Ponieważ materiał dowodowy przeciwko Latkowskiemu nie jest jeszcze zbyt mocny, Szczecin wysyła do Gorzowa zapytanie, czy tamtejsza prokuratura wystawi nakaz aresz­towania Latkowskiego za delikty, których dopuścił się na handlarzach autami. Policja nie chce wypuścić z rąk Latkowskiego, ponie­waż obawia się, że ten ucieknie. Potrzebuje czasu na zebranie wystarczających dowodów winy. Gorzowska prokuratura jest w posiada­niu dwóch przeciwstawnych zawiadomień o przestępstwie i zanim wyjaśni sprawę, nie może postawić Latkowskiemu ani zarzutów, ani go zatrzymać. W notatce z listopada 1993 r„ sporządzonej przez prowadzącego dochodzenie w sprawie gorzowskiej pod­komisarza Krzysztofa Trautmana, czytamy, że odwiedzili go policjanci ze Szczecina „[. ..] i od nich dowiaduje się, że Gracjana Sz. zwolniono z aresztu 10.11.93 r., a Latkow­skiego 11.11.93 r. o 8.oo”. Po wyjściu zza krat Latkowski ucieka za granicę. W Polsce pojawia się dopiero po ponad czterech latach.
Czy Sylwester Latkowski był zamieszany w zbrodnie? Akta Prokuratury Okręgowej w Szczecinie, która w 2013 r. wznowiła śledztwo w tej sprawie, są niedostępne. Zabójstwo Waldemara S. pojawia się natomiast w zezna­niach świadków sprawy gorzowskiej Latkowskiego, m.in. Mirosława T., które złożył tuż po zabójstwie „Grubego Jasia” 11 listopada 1993 r. przed podkomisarzem Trautmanem: „Nadmieniam, że zanim poszliśmy na górę do pokoju hotelowego, siedząc przy stoliku w re­stauracji, N. z Jackiem G. prowadzili rozmowę.

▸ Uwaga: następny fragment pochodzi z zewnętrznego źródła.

text \<open>
  The unitary DFT preserves norms (Parseval), so zero-filled reconstruction from the
  frequencies in \<open>\<Omega>\<close> loses exactly the energy outside \<open>\<Omega>\<close>: the relative error equals
  \<open>1 - f\<^sub>\<Omega>(x)\<close> for \<open>x \<noteq> 0\<close>, and the expected error is \<open>1 - \<bbbE> f\<^sub>\<Omega>\<close>. Each \<open>f\<^sub>\<Omega>\<close> takes
  values in \<open>[0,1]\<close>, so Hoeffding's inequality and a union bound over the \<open>p choose n\<close>
  patterns show that, with probability at least \<open>1 - \<beta>\<close>, no empirical mean exceeds its
  expectation by \<open>\<epsilon>\<^sub>m/2\<close> and the empirical mean of an optimal pattern does not fall
  \<open>\<epsilon>\<^sub>m/2\<close> below its expectation. On that event the empirical maximiser is
  \<open>\<epsilon>\<^sub>m\<close>-optimal for \<open>\<bbbE> f\<^sub>\<Omega>\<close>.
\<close>

lemma dft_commute: "dft p j k = dft p k j"
  unfolding dft_def by (simp add: mult.commute mult.left_commute)

lemma sum_powers_cis_eq_0:
  fixes d :: int
  assumes "p > 0" and "\<not> int p dvd d"
  shows "(\<Sum>l<p. cis (2 * pi * d / p) ^ l) = 0"
proof -
  define w where "w = cis (2 * pi * d / p)"
  have "w ^ p = cis (real p * (2 * pi * d / p))"
    unfolding w_def by (simp only: Complex.DeMoivre)
  also have "\<dots> = cis (2 * pi * d)"
    using assms(1) by simp
  also have "\<dots> = 1"
    by (rule cis_multiple_2pi) simp
  finally have "w ^ p = 1" .
  moreover have "w \<noteq> 1"
  proof
    assume "w = 1"
    then obtain n :: int where "2 * pi * d / p = n * (2 * pi)"
      unfolding w_def cis_eq_1_iff by blast
    then have "real_of_int d * (2 * pi) = (of_int n * real p) * (2 * pi)"
      using assms(1) by (simp add: field_simps)
    then have "real_of_int d = of_int (n * int p)"
      by simp
    then have "d = n * int p"
      by (simp only: of_int_eq_iff)
    then show False using assms(2) by simp
  qed
  ultimately show ?thesis
    unfolding w_def[symmetric] by (simp add: sum_gp_strict)
qed

lemma cnj_dft_mult_dft:
  "cnj (dft p l j) * dft p l k = cis (2 * pi * (int j - int k) / p) ^ l / p"
proof -
  have "cnj (dft p l j) = cis (2 * pi * l * j / p) / sqrt p"
    unfolding dft_def complex_cnj_divide complex_cnj_complex_of_real cis_cnj
    by (simp only: minus_divide_left mult_minus_left minus_minus)
  then have "cnj (dft p l j) * dft p l k
      = cis (2 * pi * l * j / p) * cis (- 2 * pi * l * k / p) / (sqrt p * sqrt p)"
    unfolding dft_def by (simp only: times_divide_times_eq of_real_mult)
  also have "complex_of_real (sqrt p * sqrt p) = p"
    by simp
  also have "cis (2 * pi * l * j / p) * cis (- 2 * pi * l * k / p)
      = cis (l * (2 * pi * (int j - int k) / p))"
    unfolding cis_mult by (rule arg_cong[where f = cis]) (simp add: algebra_simps diff_divide_distrib)
  finally show ?thesis
    by (simp only: Complex.DeMoivre)
qed

lemma dft_orthonormal:
  assumes "j < p" "k < p"
  shows "(\<Sum>l<p. cnj (dft p l j) * dft p l k) = (if j = k then 1 else 0)"
proof (cases "j = k")
  case True
  then show ?thesis using assms by (simp add: cnj_dft_mult_dft)
next
  case False
  have "\<not> int p dvd \<bar>int j - int k\<bar>"
    using assms False by (intro zdvd_not_zless) auto
  then have "(\<Sum>l<p. cis (2 * pi * (int j - int k) / p) ^ l) = 0"
    using assms by (intro sum_powers_cis_eq_0) auto
  then show ?thesis
    using False by (simp add: cnj_dft_mult_dft flip: sum_divide_distrib)
qed

lemma sqnorm_orthonormal_columns:
  assumes "\<And>k l. k < p \<Longrightarrow> l < p \<Longrightarrow> (\<Sum>j<p. cnj (A j l) * A j k) = (if l = k then 1 else 0)"
  shows "sqnorm p (\<lambda>j. \<Sum>k<p. A j k * y k) = sqnorm p y"
proof -
  have "complex_of_real (sqnorm p (\<lambda>j. \<Sum>k<p. A j k * y k))
      = (\<Sum>j<p. (\<Sum>k<p. A j k * y k) * cnj (\<Sum>l<p. A j l * y l))"
    unfolding sqnorm_def of_real_sum complex_norm_square by simp
  also have "\<dots> = (\<Sum>j<p. \<Sum>k<p. \<Sum>l<p. y k * cnj (y l) * (cnj (A j l) * A j k))"
    by (simp add: sum_distrib_left sum_distrib_right mult_ac, rule sum.cong[OF refl], rule sum.swap)
  also have "\<dots> = (\<Sum>k<p. \<Sum>l<p. \<Sum>j<p. y k * cnj (y l) * (cnj (A j l) * A j k))"
    by (subst sum.swap) (rule sum.cong[OF refl], rule sum.swap)
  also have "\<dots> = (\<Sum>k<p. \<Sum>l<p. y k * cnj (y l) * (\<Sum>j<p. cnj (A j l) * A j k))"
    by (simp add: sum_distrib_left)
  also have "\<dots> = (\<Sum>k<p. y k * cnj (y k))"
    by (simp add: assms if_distrib cong: if_cong)
  also have "\<dots> = complex_of_real (sqnorm p y)"
    unfolding sqnorm_def of_real_sum complex_norm_square by simp
  finally show ?thesis by (simp only: of_real_eq_iff)
qed

lemma sqnorm_dft_apply: "sqnorm p (dft_apply p x) = sqnorm p x"
  unfolding dft_apply_def by (rule sqnorm_orthonormal_columns) (simp add: dft_orthonormal)

lemma sqnorm_dft_adj: "sqnorm p (dft_adj p y) = sqnorm p y"
proof -
  have "(\<Sum>j<p. cnj (cnj (dft p l j)) * cnj (dft p k j)) = (if l = k then 1 else 0)"
    if "k < p" "l < p" for k l
  proof -
    have "cnj (cnj (dft p l j)) * cnj (dft p k j) = cnj (cnj (dft p j l) * dft p j k)" for j
      by (simp only: complex_cnj_cnj complex_cnj_mult dft_commute[of p l j] dft_commute[of p k j])
    then have "(\<Sum>j<p. cnj (cnj (dft p l j)) * cnj (dft p k j))
        = cnj (\<Sum>j<p. cnj (dft p j l) * dft p j k)"
      by (simp only: cnj_sum)
    also have "\<dots> = (if l = k then 1 else 0)"
      by (simp only: dft_orthonormal[OF that(2,1)]) simp
    finally show ?thesis .
  qed
  then show ?thesis
    unfolding dft_adj_def by (rule sqnorm_orthonormal_columns)
qed

lemma dft_adj_dft_apply: "k < p \<Longrightarrow> dft_adj p (dft_apply p x) k = x k"
proof -
  assume "k < p"
  have "dft_adj p (dft_apply p x) k = (\<Sum>j<p. \<Sum>l<p. cnj (dft p j k) * dft p j l * x l)"
    unfolding dft_adj_def dft_apply_def by (simp add: sum_distrib_left mult.assoc)
  also have "\<dots> = (\<Sum>l<p. (\<Sum>j<p. cnj (dft p j k) * dft p j l) * x l)"
    by (subst sum.swap) (simp add: sum_distrib_right)
  also have "\<dots> = (\<Sum>l<p. if k = l then x l else 0)"
    using \<open>k < p\<close> by (intro sum.cong) (simp_all add: dft_orthonormal)
  also have "\<dots> = x k"
    using \<open>k < p\<close> by simp
  finally show ?thesis .
qed

lemma sqnorm_nonneg: "0 \<le> sqnorm p x"
  unfolding sqnorm_def by (intro sum_nonneg) auto

lemma sqnorm_eq_0_iff: "sqnorm p x = 0 \<longleftrightarrow> (\<forall>j<p. x j = 0)"
  unfolding sqnorm_def by (subst sum_nonneg_eq_0_iff) auto

lemma sqnorm_cong: "(\<And>j. j < p \<Longrightarrow> x j = y j) \<Longrightarrow> sqnorm p x = sqnorm p y"
  unfolding sqnorm_def by simp

lemma f_pat_bounds:
  assumes "\<Omega> \<subseteq> {..<p}"
  shows "f_pat p \<Omega> x \<in> {0..1}"
proof -
  have "(\<Sum>j\<in>\<Omega>. (cmod (dft_apply p x j))\<^sup>2) \<le> sqnorm p (dft_apply p x)"
    unfolding sqnorm_def using assms by (intro sum_mono2) auto
  moreover have "0 \<le> (\<Sum>j\<in>\<Omega>. (cmod (dft_apply p x j))\<^sup>2)"
    by (intro sum_nonneg) simp
  ultimately show ?thesis
    unfolding f_pat_def using sqnorm_nonneg[of p x] by (auto simp: sqnorm_dft_apply divide_le_eq_1)
qed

W trakcie tej rozmowy Jacek powiedział, że obecnie czekają na drugą ekipę, która będzie gorsza niż ta obecna i że jadą do Szczecina, bo mają tam do załatwienia sprawę. Mówiąc
o tej drugiej ekipie, powiedział, że będzie ona ze snajperami, że mają w Szczecinie załatwić jakąś sprawę. Słyszał to Artur N., ja i Sławomir Sz.”. Kilka dni później na kolejnym przesłu­chaniu dodał: „W rozmowie z żoną Artura N. Mirellą dowiedziałem się, że mężczyzna, który został zabity w Szczecinie, to ten, który kupił samochód Golf III za pośrednictwem N. od Ryśka mieszkającego w Niemczech”.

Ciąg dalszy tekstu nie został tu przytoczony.